부산대학교 도서관

Neurons face unique challenges in maintaining cellular homeostasis in axons far removed from the cell body where lysosomes are enriched. Niemann-Pick disease type C (NPC) is a neurodegenerative lysosomal storage disorder characterized by lipid accumulation in endolysosomes. An early pathologic hallmark of NPC is axonal dystrophy with bulbous swellings that contain accumulated organelles at presymptomatic stages prior to neuron loss in NPC mice. However, the mechanisms underlying these axonal pathologic changes remain obscure. Here, we demonstrate that organelles of the endocytic and autophagic pathways accumulate in NPC dystrophic axons. Using STED super-resolution and live-neuron imaging, we reveal that elevated cholesterol on NPC lysosome membranes in the soma leads to the sequestration of Arl8 and kinesin-1, resulting in impaired anterograde transport of mature degradative lysosomes to distal axons, contributing to axonal autophagosome accumulation.
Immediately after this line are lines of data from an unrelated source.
lemma reach_within_class:
  assumes "reach (induced_on G S) u v"
  shows "reach (induced_on G {w \<in> S. reach (induced_on G S) u w}) u v"
proof -
  define C where "C = {w \<in> S. reach (induced_on G S) u w}"
  have "reach (induced_on G C) u v"
    using assms unfolding reach_def
  proof (induction rule: rtranclp_induct)
    case (step y z)
    have "reach (induced_on G S) u y" and "reach (induced_on G S) u z"
      using step(1,2) unfolding reach_def by (auto intro: rtranclp.rtrancl_into_rtrancl)
    then have "{y, z} \<in> edges (induced_on G C)"
      using step(2) unfolding C_def by auto
    then show ?case
      using step(3) by (meson rtranclp.rtrancl_into_rtrancl)
  qed simp
  then show ?thesis
    unfolding C_def .
qed

lemma edge_closed_connected_class:
  assumes "C \<subseteq> S" "edge_closed G S C" "connected_on G C" "u \<in> C"
  shows "C = {v \<in> S. reach (induced_on G S) u v}"
proof
  show "C \<subseteq> {v \<in> S. reach (induced_on G S) u v}"
  proof
    fix v assume "v \<in> C"
    then have "reach (induced_on G C) u v"
      using assms(3,4) unfolding connected_on_def by auto
    then have "reach (induced_on G S) u v"
      by (rule reach_mono) (use assms(1) in auto)
    then show "v \<in> {v \<in> S. reach (induced_on G S) u v}"
      using \<open>v \<in> C\<close> assms(1) by auto
  qed
  show "{v \<in> S. reach (induced_on G S) u v} \<subseteq> C"
    using reach_edge_closed[of G S u _ C] assms(2,4) by blast
qed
Pharmacologic reduction of lysosomal membrane cholesterol with 2-hydroxypropyl-β-cyclodextrin (HPCD) or elevated expression of Arl8b rescues lysosome transport into axons, thereby reducing axonal autophagic stress and neuron death in NPC. Collectively, these findings suggest a new pathological mechanism by which altered membrane lipid composition impairs lysosome delivery into axons of NPC neurons and provide biological insights into the translational application of HPCD in restoring axonal homeostasis at early stages of NPC disease.